Beranda Artikel Sejarah Isra wal Mi’raj: Perjalanan Agung Menjemput Shalat Fardhu

Sejarah Isra wal Mi’raj: Perjalanan Agung Menjemput Shalat Fardhu

BERBAGI
Ilustrasi (M. Iqmal Pasha/DETaK)

Artikel | DETaK

Isra dan Mi’raj merupakan peristiwa monumental yang sangat agung dan sarat makna dalam perjalanan risalah Nabi Muhammad SAW. Kisah perjalanan mulia ini diabadikan oleh Allah SWT dalam dua surah yang berbeda di dalam Al-Qur’an, perjalanan Isra (perjalanan bumi) disebutkan dalam Surah Al-Isra’ ayat 1. Sementara itu, Mi’raj (perjalanan langit) disebutkan oleh Allah SWT dalam Surah An-Najm ayat 13–18.

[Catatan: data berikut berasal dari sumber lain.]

lemma integral_stratum_pattern_product_zero:
  fixes v :: "'w \<Rightarrow> real"
  assumes [measurable]: "v \<in> borel_measurable borel" and bounded: "\<And>w. \<bar>v w\<bar> \<le> C"
    and centered: "(\<integral>\<omega>. v (W 0 \<omega>) \<partial>M) = 0" and supp: "\<And>w. v w \<noteq> 0 \<Longrightarrow> S w = s"
    and ij: "i < n" "j < n" "i \<noteq> j"
  shows "(\<integral>\<omega>. indicator {\<omega> \<in> space M. \<forall>k<n. S (W k \<omega>) = \<sigma> k} \<omega> * (v (W i \<omega>) * v (W j \<omega>)) \<partial>M) = 0"
proof -
  \<comment> \<open>By independence the integral factorises; the factor of unit i is 0 or the mean of v.\<close>
  define g where "g k w = (if S w = \<sigma> k then (if k = i then v w else 1) * (if k = j then v w else 1) else 0)"
    for k w
  have [measurable]: "g k \<in> borel_measurable borel" for k
    unfolding g_def by measurable
  have g_bounded: "\<bar>g k w\<bar> \<le> max 1 C * max 1 C" for k w
  proof -
    have "\<bar>if k = i then v w else 1\<bar> \<le> max 1 C" and "\<bar>if k = j then v w else 1\<bar> \<le> max 1 C"
      using bounded[of w] by auto
    then have "\<bar>(if k = i then v w else 1) * (if k = j then v w else 1)\<bar> \<le> max 1 C * max 1 C"
      unfolding abs_mult by (rule mult_mono) auto
    moreover have "\<bar>g k w\<bar> \<le> \<bar>(if k = i then v w else 1) * (if k = j then v w else 1)\<bar>"
      by (simp add: g_def)
    ultimately show ?thesis by linarith
  qed
  have g_int: "integrable M (\<lambda>\<omega>. g k (W k \<omega>))" for k
    by (rule integrable_const_bound[where B="max 1 C * max 1 C"]) (use g_bounded in auto)
  have "(\<integral>\<omega>. indicator {\<omega> \<in> space M. \<forall>k<n. S (W k \<omega>) = \<sigma> k} \<omega> * (v (W i \<omega>) * v (W j \<omega>)) \<partial>M)
      = (\<integral>\<omega>. (\<Prod>k<n. g k (W k \<omega>)) \<partial>M)"
  proof (rule Bochner_Integration.integral_cong[OF refl])
    fix \<omega> assume "\<omega> \<in> space M"
    show "indicator {\<omega> \<in> space M. \<forall>k<n. S (W k \<omega>) = \<sigma> k} \<omega> * (v (W i \<omega>) * v (W j \<omega>))
        = (\<Prod>k<n. g k (W k \<omega>))"
    proof (cases "\<forall>k<n. S (W k \<omega>) = \<sigma> k")
      case True
      then have "(\<Prod>k<n. g k (W k \<omega>))
          = (\<Prod>k<n. if k = i then v (W k \<omega>) else 1) * (\<Prod>k<n. if k = j then v (W k \<omega>) else 1)"
        by (simp add: g_def prod.distrib)
      then show ?thesis
        using True ij \<open>\<omega> \<in> space M\<close> by (simp add: prod.delta)
    next
      case False
      then obtain k where "k < n" "S (W k \<omega>) \<noteq> \<sigma> k" by auto
      then have "(\<Prod>k<n. g k (W k \<omega>)) = 0"
        by (intro prod_zero) (auto simp: g_def)
      then show ?thesis using False by simp
    qed
  qed
  also have "\<dots> = (\<Prod>k<n. \<integral>\<omega>. g k (W k \<omega>) \<partial>M)"
  proof (rule indep_vars_lebesgue_integral)
    have "indep_vars (\<lambda>_. borel) W {..<n}"
      by (rule indep_vars_subset[OF W_indep]) auto
    from indep_vars_compose2[OF this, of g "\<lambda>_. borel"]
    show "indep_vars (\<lambda>_. borel) (\<lambda>k \<omega>. g k (W k \<omega>)) {..<n}" by simp
  qed (use g_int in auto)
  also have "\<dots> = 0"
  proof -
    have "g i w = of_bool (\<sigma> i = s) * v w" for w
      using ij supp[of w] by (cases "v w = 0") (auto simp: g_def)
    then have "(\<integral>\<omega>. g i (W i \<omega>) \<partial>M) = of_bool (\<sigma> i = s) * (\<integral>\<omega>. v (W 0 \<omega>) \<partial>M)"
      using integral_W[of v i] by simp
    then show ?thesis
      using ij centered by (intro prod_zero bexI[of _ i]) simp_all
  qed
  finally show ?thesis .
qed

lemma cond_indep_integral:
  fixes \<phi> :: "(nat \<Rightarrow> 'w) \<Rightarrow> real" and \<alpha> \<sigma> :: "nat \<Rightarrow> nat"
  assumes [measurable]: "\<phi> \<in> borel_measurable (PiM {..<n} (\<lambda>_. borel))"
  defines "E \<equiv> {\<omega> \<in> space M. \<forall>k<n. A n k \<omega> = \<alpha> k \<and> S (W k \<omega>) = \<sigma> k}"
    and "F \<equiv> {\<omega> \<in> space M. \<forall>k<n. S (W k \<omega>) = \<sigma> k}"
  shows "(\<integral>\<omega>. indicator E \<omega> * \<phi> (restrict (\<lambda>k. W k \<omega>) {..<n}) \<partial>M) * prob F
       = (\<integral>\<omega>. indicator F \<omega> * \<phi> (restrict (\<lambda>k. W k \<omega>) {..<n}) \<partial>M) * prob E"
proof (rule integral_indicator_proportional[where N="PiM {..<n} (\<lambda>_. borel)"
      and V="\<lambda>\<omega>. restrict (\<lambda>k. W k \<omega>) {..<n}" and \<phi>=\<phi>])
  have E_eq: "E = {\<omega> \<in> space M. restrict (\<lambda>k. A n k \<omega>) {..<n} = restrict \<alpha> {..<n}
                                \<and> restrict (\<lambda>k. S (W k \<omega>)) {..<n} = restrict \<sigma> {..<n}}"
    and F_eq: "F = {\<omega> \<in> space M. restrict (\<lambda>k. S (W k \<omega>)) {..<n} = restrict \<sigma> {..<n}}"
    by (auto simp: E_def F_def restrict_eq_restrict_iff)
  fix B assume "B \<in> sets (PiM {..<n} (\<lambda>_. borel :: 'w measure))"
  with cond_indep[of n]
  show "prob ({\<omega> \<in> space M. restrict (\<lambda>k. W k \<omega>) {..<n} \<in> B} \<inter> E) * prob F
      = prob ({\<omega> \<in> space M. restrict (\<lambda>k. W k \<omega>) {..<n} \<in> B} \<inter> F) * prob E"
    unfolding cond_indep_strata_def E_eq F_eq
    by (simp add: Collect_conj_eq Int_assoc Int_left_commute mult.commute)
qed (simp_all add: finite_measure_axioms measurable_restrict E_def F_def)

Tujuan utama dari Isra dan Mi’raj adalah menjemput perintah shalat fardu sebagai kewajiban umat Islam. Peristiwa ini juga menunjukkan kebesaran Allah dan menjadi bentuk kasih sayang- Nya untuk menghibur Nabi Muhammad SAW yang tengah berduka. Pada saat itu, Rasulullah kehilangan dua sosok yang sangat dicintainya, yaitu Khadijah binti Khuwailid, istri tercinta dan setia, dan Abu Thalib, paman yang selalu membela serta melindungi beliau.

Iklan Souvenir DETaK


Pada malam sebelum Isra dan Mi’raj, Nabi Muhammad SAW tertidur di Masjidil Haram, diapit oleh pamannya, Hamzah dan Ja’far. Malaikat Jibril datang, mengangkatnya, dan membaringkannya di dekat sumur Zamzam. Beliau dibelah dadanya, dan hati beliau dikeluarkan untuk dibersihkan dengan air Zamzam yang dibawa Malaikat Mikail dalam tiga bejana, menghilangkan segala kotoran, penyakit rohani, dan tempat bersemayamnya setan. Proses pembelahan dan pembersihan ini terjadi tiga kali: saat berusia empat tahun, menjelang wahyu pertama di Gua Hira, dan menjelang Isra dan Mi’raj. Setelah dibersihkan, hati beliau dimasukkan empat sifat mulia: hilman (santun), ilman (ilmu), yaqinan (keyakinan), dan islaman (ketundukan). Hati itu dikembalikan ke tempatnya, dan dada beliau dijahit kembali tanpa bekas. Sebagai penutup, Malaikat Jibril memberi stempel Khatamun-Nabiyyin, menegaskan posisi beliau sebagai Nabi terakhir.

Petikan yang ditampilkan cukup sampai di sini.